Agents.OpenAI's JsonConverter Example

csharp
public class KernelContentConverter : JsonConverter<KernelContent>
{
    public override KernelContent Read(ref Utf8JsonReader reader, Type typeToConvert, JsonSerializerOptions options)
    {
        using (var jsonDoc = JsonDocument.ParseValue(ref reader))
        {
            var root = jsonDoc.RootElement;
            var typeDiscriminator = root.GetProperty("TypeDiscriminator").GetString();
            switch (typeDiscriminator)
            {
                case nameof(AnnotationContent):
                    return JsonSerializer.Deserialize<AnnotationContent>(root.GetRawText(), options);
                case nameof(FileReferenceContent):
                    return JsonSerializer.Deserialize<FileReferenceContent>(root.GetRawText(), options);
                default:
                    throw new NotSupportedException($"Type discriminator '{typeDiscriminator}' is not supported.");
            }
        }
    }

    public override void Write(Utf8JsonWriter writer, KernelContent value, JsonSerializerOptions options)
    {
        JsonSerializer.Serialize(writer, value, value.GetType(), options);
    }
}

[JsonConverter(typeof(KernelContentConverter))]
public class FileReferenceContent : KernelContent
{
    public string FileId { get; init; } = string.Empty;
    ctor()
    ctor(string fileId, ...)
}

[JsonConverter(typeof(KernelContentConverter))]
public class AnnotationContent : KernelContent
{
    public string?
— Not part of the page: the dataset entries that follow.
(* Let $A\in\mathbb{C}^{N\times N}$, let $\mu\in\mathbb{C}$, and let $\tilde A=A-\mu I$ have singular value decomposition $\tilde A=\sum_j\tilde\sigma_j|u_j\rangle\langle v_j|$ (right singular vectors $|v_j\rangle$). For $\varepsilon>0$ let $\Pi^{(\tilde A)}_{\varepsilon}=\sum_{j:\tilde\sigma_j\leq\varepsilon}|v_j\rangle\langle v_j|$. Let $(\lambda,|v\rangle)$ be any eigenvalue–eigenvector pair of $A$ with $\||v\rangle\|=1$, let $|\psi\rangle$ be any unit vector, and let $\gamma>0$. If $|\langle v|\psi\rangle|\geq2\gamma$ and $|\mu-\lambda|\leq\varepsilon\gamma$, then $\left\|\Pi^{(\tilde A)}_{\varepsilon}|\psi\rangle\right\|\geq\gamma$. *)

theory Defs
  imports "HOL-Analysis.Analysis"
begin

text \<open>Vectors in C^N are modelled as complex^'n (N = CARD('n)), N x N matrices as
complex^'n^'n. The Hermitian inner product <x|y> is conjugate-linear in x.\<close>

definition cinner :: "complex^'n \<Rightarrow> complex^'n \<Rightarrow> complex" where
  "cinner x y = (\<Sum>i\<in>UNIV. cnj (x $ i) * y $ i)"

definition outer :: "complex^'n \<Rightarrow> complex^'n \<Rightarrow> complex^'n^'n" where
  "outer x y = (\<chi> i k. x $ i * cnj (y $ k))"

definition orthonormal_family :: "('j \<Rightarrow> complex^'n) \<Rightarrow> bool" where
  "orthonormal_family e \<longleftrightarrow> (\<forall>j k. cinner (e j) (e k) = (if j = k then 1 else 0))"

definition is_svd :: "complex^'n^'n \<Rightarrow> ('n \<Rightarrow> real) \<Rightarrow> ('n \<Rightarrow> complex^'n) \<Rightarrow> ('n \<Rightarrow> complex^'n) \<Rightarrow> bool" where
  "is_svd M \<sigma> u v \<longleftrightarrow> (\<forall>j. \<sigma> j \<ge> 0) \<and> orthonormal_family u \<and> orthonormal_family v \<and>
     M = (\<Sum>j\<in>UNIV. outer (complex_of_real (\<sigma> j) *s u j) (v j))"

definition svd_proj :: "real \<Rightarrow> ('n \<Rightarrow> real) \<Rightarrow> ('n \<Rightarrow> complex^'n) \<Rightarrow> complex^'n^'n" where
  "svd_proj \<epsilon> \<sigma> v = (\<Sum>j\<in>{j. \<sigma> j \<le> \<epsilon>}. outer (v j) (v j))"

end

theory Submission
  imports Defs
begin

text \<open>Let \<open>Pi\<close> be the projection onto the right singular vectors of \<open>A - \<mu>I\<close> with singular
value at most \<open>\<epsilon>\<close> and \<open>Pi'\<close> the complementary projection. Since \<open>A - \<mu>I\<close> stretches the
component along each other right singular vector by more than \<open>\<epsilon>\<close>, and the eigenvector \<open>w\<close>
satisfies \<open>|(A - \<mu>I) w| = |\<lambda> - \<mu>| \<le> \<epsilon>\<gamma>\<close>, we get \<open>|Pi' w| \<le> \<gamma>\<close>. Splitting
\<open>\<psi> = Pi' \<psi> + Pi \<psi>\<close> and moving the self-adjoint \<open>Pi'\<close> onto \<open>w\<close>,
\<open>2\<gamma> \<le> |<w|\<psi>>| \<le> |Pi' w| + |Pi \<psi>| \<le> \<gamma> + |Pi \<psi>|\<close>.\<close>

lemma cinner_sum_left: "cinner (\<Sum>j\<in>S. f j) y = (\<Sum>j\<in>S. cinner (f j) y)"
  unfolding cinner_def sum_component by (simp add: sum_distrib_right sum.swap[of _ S])

lemma cinner_sum_right: "cinner x (\<Sum>j\<in>S. f j) = (\<Sum>j\<in>S. cinner x (f j))"
  unfolding cinner_def sum_component by (simp add: sum_distrib_left sum.swap[of _ S])

lemma cinner_scale_left: "cinner (a *s x) y = cnj a * cinner x y"
  unfolding cinner_def by (simp add: sum_distrib_left algebra_simps)

lemma cinner_scale_right: "cinner x (a *s y) = a * cinner x y"
  unfolding cinner_def by (simp add: sum_distrib_left algebra_simps)

lemma cinner_add_right: "cinner x (y + z) = cinner x y + cinner x z"
  unfolding cinner_def by (simp add: sum.distrib algebra_simps)

lemma cnj_cinner: "cnj (cinner x y) = cinner y x"
  unfolding cinner_def by (simp add: mult.commute)

lemma cnj_mult_self: "cnj z * z = of_real ((norm z)\<^sup>2)"
  by (metis complex_norm_square mult.commute of_real_power)

lemma cinner_self_eq_norm_power2: "cinner x x = of_real ((norm x)\<^sup>2)"
proof -
  have "cinner x x = of_real (\<Sum>i\<in>UNIV. (norm (x $ i))\<^sup>2)"
    unfolding cinner_def of_real_sum by (simp add: cnj_mult_self)
  also have "(\<Sum>i\<in>UNIV. (norm (x $ i))\<^sup>2) = (norm x)\<^sup>2"
    unfolding norm_vec_def L2_set_def by (simp add: sum_nonneg)
  finally show ?thesis .
qed

lemma norm_cinner_le: "norm (cinner x y) \<le> norm x * norm y"
proof -
  have "norm (cinner x y) \<le> (\<Sum>i\<in>UNIV. norm (cnj (x $ i) * y $ i))"
    unfolding cinner_def by (rule norm_sum)
  also have "\<dots> = (\<Sum>i\<in>UNIV. \<bar>norm (x $ i)\<bar> * \<bar>norm (y $ i)\<bar>)"
    by (simp add: norm_mult)
  also have "\<dots> \<le> L2_set (\<lambda>i. norm (x $ i)) UNIV * L2_set (\<lambda>i. norm (y $ i)) UNIV"
    by (rule L2_set_mult_ineq)
  finally show ?thesis unfolding norm_vec_def .
qed

lemma outer_mult_vector: "outer a b *v x = cinner b x *s a"
  unfolding outer_def cinner_def matrix_vector_mult_def
  by (simp add: vec_eq_iff sum_distrib_left mult_ac)

lemma sum_matrix_vector_mult: "(\<Sum>j\<in>S. M j) *v x = (\<Sum>j\<in>S. M j *v x)"
  unfolding matrix_vector_mult_def
  by (simp add: vec_eq_iff sum_component sum_distrib_right sum.swap[of _ S])

lemma mat_mult_vector: "mat c *v x = c *s x"
  unfolding matrix_vector_mult_def mat_def
  by (simp add: vec_eq_iff if_distrib[of "\<lambda>a. a * _"] cong: if_cong)

lemma norm_scale_vector: "norm (c *s x) = norm c * norm (x :: 'a::real_normed_field^'n)"
  unfolding norm_vec_def by (simp add: L2_set_right_distrib norm_mult)

lemma cinner_orthonormal_sums:
  fixes e :: "'j::finite \<Rightarrow> complex^'n"
  assumes "orthonormal_family e"
  shows "cinner (\<Sum>j\<in>S. a j *s e j) (\<Sum>k\<in>S. b k *s e k) = (\<Sum>j\<in>S. cnj (a j) * b j)"
proof -
  have "cinner (\<Sum>j\<in>S. a j *s e j) (\<Sum>k\<in>S. b k *s e k)
      = (\<Sum>j\<in>S. \<Sum>k\<in>S. cnj (a j) * b k * cinner (e j) (e k))"
    unfolding cinner_sum_left cinner_sum_right cinner_scale_left cinner_scale_right
    by (subst sum.swap) (simp add: sum_distrib_left mult_ac)
  also have "\<dots> = (\<Sum>j\<in>S. cnj (a j) * b j)"
    using assms unfolding orthonormal_family_def by (simp add: if_distrib[of "(*) _"] cong: if_cong)
  finally show ?thesis .
qed

lemma norm_orthonormal_sum_power2:
  fixes e :: "'j::finite \<Rightarrow> complex^'n"
  assumes "orthonormal_family e"
  shows "(norm (\<Sum>j\<in>S. a j *s e j))\<^sup>2 = (\<Sum>j\<in>S. (norm (a j))\<^sup>2)"
proof -
  have "complex_of_real ((norm (\<Sum>j\<in>S. a j *s e j))\<^sup>2) = of_real (\<Sum>j\<in>S. (norm (a j))\<^sup>2)"
    unfolding cinner_self_eq_norm_power2[symmetric] cinner_orthonormal_sums[OF assms]
    by (simp add: cnj_mult_self)
  then show ?thesis
    by (simp only: of_real_eq_iff)
qed

text \<open>Completeness needs the family to be indexed by \<open>'n\<close> itself: the matrix with rows
\<open>v j\<close> is then square, and a one-sided inverse of a square matrix is two-sided.\<close>

lemma orthonormal_family_expansion:
  fixes v :: "'n::finite \<Rightarrow> complex^'n"
  assumes "orthonormal_family v"
  shows "(\<Sum>j\<in>UNIV. cinner (v j) x *s v j) = x"
proof -
  define V :: "complex^'n^'n" where "V = (\<chi> j i. cnj (v j $ i))"
  define W :: "complex^'n^'n" where "W = (\<chi> i j. v j $ i)"
  have "V ** W = mat 1"
    using assms unfolding orthonormal_family_def
    by (simp add: vec_eq_iff matrix_matrix_mult_def V_def W_def mat_def cinner_def)
  then have "W ** V = mat 1"
    using matrix_left_right_inverse by blast
  then have WV: "(\<Sum>j\<in>UNIV. v j $ i * cnj (v j $ k)) = (if i = k then 1 else 0)" for i k
    by (simp add: vec_eq_iff matrix_matrix_mult_def V_def W_def mat_def)
  have "(\<Sum>j\<in>UNIV. cinner (v j) x *s v j) $ i = x $ i" for i
  proof -
    have "(\<Sum>j\<in>UNIV. cinner (v j) x *s v j) $ i
        = (\<Sum>j\<in>UNIV. \<Sum>k\<in>UNIV. v j $ i * cnj (v j $ k) * x $ k)"
      unfolding sum_component cinner_def by (simp add: sum_distrib_left mult_ac)
    also have "\<dots> = (\<Sum>k\<in>UNIV. (\<Sum>j\<in>UNIV. v j $ i * cnj (v j $ k)) * x $ k)"
      by (subst sum.swap) (simp add: sum_distrib_right)
    also have "\<dots> = x $ i"
      by (simp add: WV if_distrib[of "\<lambda>c. c * _"] cong: if_cong)
    finally show ?thesis .
  qed
  then show ?thesis
    by (simp add: vec_eq_iff)
qed

definition onb_proj :: "('j \<Rightarrow> complex^'n) \<Rightarrow> 'j set \<Rightarrow> complex^'n \<Rightarrow> complex^'n" where
  "onb_proj e S x = (\<Sum>j\<in>S. cinner (e j) x *s e j)"

lemma cinner_onb_proj_left: "cinner (onb_proj e S x) y = cinner x (onb_proj e S y)"
  unfolding onb_proj_def cinner_sum_left cinner_sum_right cinner_scale_left cinner_scale_right
  by (simp add: cnj_cinner mult.commute)

lemma norm_onb_proj_power2:
  fixes e :: "'j::finite \<Rightarrow> complex^'n"
  assumes "orthonormal_family e"
  shows "(norm (onb_proj e S x))\<^sup>2 = (\<Sum>j\<in>S. (norm (cinner (e j) x))\<^sup>2)"
  unfolding onb_proj_def by (rule norm_orthonormal_sum_power2[OF assms])

lemma onb_proj_add_compl:
  fixes v :: "'n::finite \<Rightarrow> complex^'n"
  assumes "orthonormal_family v"
  shows "onb_proj v (- S) x + onb_proj v S x = x"
proof -
  have "(\<Sum>j\<in>UNIV. cinner (v j) x *s v j)
      = (\<Sum>j\<in>UNIV - S. cinner (v j) x *s v j) + (\<Sum>j\<in>S. cinner (v j) x *s v j)"
    by (rule sum.subset_diff) auto
  then show ?thesis
    unfolding onb_proj_def Compl_eq_Diff_UNIV orthonormal_family_expansion[OF assms] by simp
qed

lemma norm_cinner_le_onb_proj_split:
  fixes v :: "'n::finite \<Rightarrow> complex^'n"
  assumes "orthonormal_family v"
  shows "norm (cinner w x) \<le> norm (onb_proj v (- S) w) * norm x + norm w * norm (onb_proj v S x)"
proof -
  have "cinner w x = cinner w (onb_proj v (- S) x + onb_proj v S x)"
    by (simp add: onb_proj_add_compl[OF assms])
  also have "\<dots> = cinner (onb_proj v (- S) w) x + cinner w (onb_proj v S x)"
    by (simp add: cinner_add_right cinner_onb_proj_left)
  finally have "norm (cinner w x)
      \<le> norm (cinner (onb_proj v (- S) w) x) + norm (cinner w (onb_proj v S x))"
    by (simp add: norm_triangle_ineq)
  also have "\<dots> \<le> norm (onb_proj v (- S) w) * norm x + norm w * norm (onb_proj v S x)"
    by (intro add_mono norm_cinner_le)
  finally show ?thesis .
qed

lemma svd_proj_mult_vector: "svd_proj \<epsilon> \<sigma> v *v x = onb_proj v {j. \<sigma> j \<le> \<epsilon>} x"
  unfolding svd_proj_def sum_matrix_vector_mult outer_mult_vector onb_proj_def ..

lemma svd_mult_vector:
  assumes "is_svd M \<sigma> u v"
  shows "M *v x = (\<Sum>j\<in>UNIV. (of_real (\<sigma> j) * cinner (v j) x) *s u j)"
  using assms unfolding is_svd_def
  by (simp add: sum_matrix_vector_mult outer_mult_vector mult.commute)

lemma norm_svd_mult_vector_power2:
  assumes "is_svd M \<sigma> u v"
  shows "(norm (M *v x))\<^sup>2 = (\<Sum>j\<in>UNIV. (\<sigma> j * norm (cinner (v j) x))\<^sup>2)"
proof -
  have "orthonormal_family u" and "\<And>j. \<sigma> j \<ge> 0"
    using assms unfolding is_svd_def by auto
  then show ?thesis
    unfolding svd_mult_vector[OF assms] norm_orthonormal_sum_power2[OF \<open>orthonormal_family u\<close>]
    by (simp add: norm_mult)
qed

lemma norm_onb_proj_large_singular_values:
  assumes svd: "is_svd M \<sigma> u v" and "\<epsilon> \<ge> 0"
  shows "\<epsilon> * norm (onb_proj v {j. \<sigma> j > \<epsilon>} x) \<le> norm (M *v x)"
proof -
  let ?c = "\<lambda>j. norm (cinner (v j) x)"
  have "orthonormal_family v"
    using svd unfolding is_svd_def by auto
  have "(\<epsilon> * norm (onb_proj v {j. \<sigma> j > \<epsilon>} x))\<^sup>2 = (\<Sum>j\<in>{j. \<sigma> j > \<epsilon>}. (\<epsilon> * ?c j)\<^sup>2)"
    by (simp add: power_mult_distrib norm_onb_proj_power2[OF \<open>orthonormal_family v\<close>]
        sum_distrib_left)
  also have "\<dots> \<le> (\<Sum>j\<in>{j. \<sigma> j > \<epsilon>}. (\<sigma> j * ?c j)\<^sup>2)"
    using \<open>\<epsilon> \<ge> 0\<close> by (intro sum_mono power_mono mult_right_mono) auto
  also have "\<dots> \<le> (\<Sum>j\<in>UNIV. (\<sigma> j * ?c j)\<^sup>2)"
    by (intro sum_mono2) auto
  also have "\<dots> = (norm (M *v x))\<^sup>2"
    by (rule norm_svd_mult_vector_power2[OF svd, symmetric])
  finally show ?thesis
    by (rule power2_le_imp_le) simp
qed

theorem lemma2:
  fixes A :: "complex^'n^'n" and \<mu> lam :: complex and \<epsilon> \<gamma> :: real
    and \<sigma> :: "'n \<Rightarrow> real" and u v :: "'n \<Rightarrow> complex^'n" and w \<psi> :: "complex^'n"
  assumes svd: "is_svd (A - mat \<mu>) \<sigma> u v"
    and eps: "\<epsilon> > 0"
    and eig: "A *v w = lam *s w" and wnorm: "norm w = 1"
    and psinorm: "norm \<psi> = 1"
    and gam: "\<gamma> > 0"
    and overlap: "norm (cinner w \<psi>) \<ge> 2 * \<gamma>"
    and close: "norm (\<mu> - lam) \<le> \<epsilon> * \<gamma>"
  shows "norm (svd_proj \<epsilon> \<sigma> v *v \<psi>) \<ge> \<gamma>"
proof -
  let ?S = "{j. \<sigma> j \<le> \<epsilon>}"
  have shifted_eig: "(A - mat \<mu>) *v w = (lam - \<mu>) *s w"
    by (simp add: matrix_vector_mult_diff_rdistrib eig mat_mult_vector vector_sub_rdistrib)
  have "norm ((A - mat \<mu>) *v w) = norm (\<mu> - lam)"
    unfolding shifted_eig norm_scale_vector wnorm by (simp add: norm_minus_commute)
  also have "\<dots> \<le> \<epsilon> * \<gamma>"
    by (rule close)
  moreover have "- ?S = {j. \<sigma> j > \<epsilon>}"
    by auto
  ultimately have "\<epsilon> * norm (onb_proj v (- ?S) w) \<le> \<epsilon> * \<gamma>"
    using norm_onb_proj_large_singular_values[OF svd less_imp_le[OF eps], of w]
    by (simp only:)
  then have "norm (onb_proj v (- ?S) w) \<le> \<gamma>"
    using eps by simp
  moreover have "norm (cinner w \<psi>)
      \<le> norm (onb_proj v (- ?S) w) * norm \<psi> + norm w * norm (onb_proj v ?S \<psi>)"
    using svd unfolding is_svd_def by (blast intro: norm_cinner_le_onb_proj_split)
  ultimately show ?thesis
    using overlap psinorm wnorm by (simp add: svd_proj_mult_vector)
qed

end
FileId { get; init; }
    public string? Quote { get; init; }
    public int StartIndex { get; init; }
    public int EndIndex { get; init; }
    public ctor()
    public ctor(...)
}

Decision Outcome

  • BinaryContent: Accepted.
  • ImageContent: Breaking change accepted with benefits using the BinaryContent specialization. No backwards compatibility as the current ImageContent behavior is undesirable.
  • AudioContent: Experimental breaking changes using the BinaryContent specialization.
  • FunctionCallContent: Graduate as is.
  • FunctionResultContent: Experimental breaking change from property Id to CallId to avoid confusion regarding being a function call Id or a response id.
  • FileReferenceContent and AnnotationContent: No changes, continue as experimental.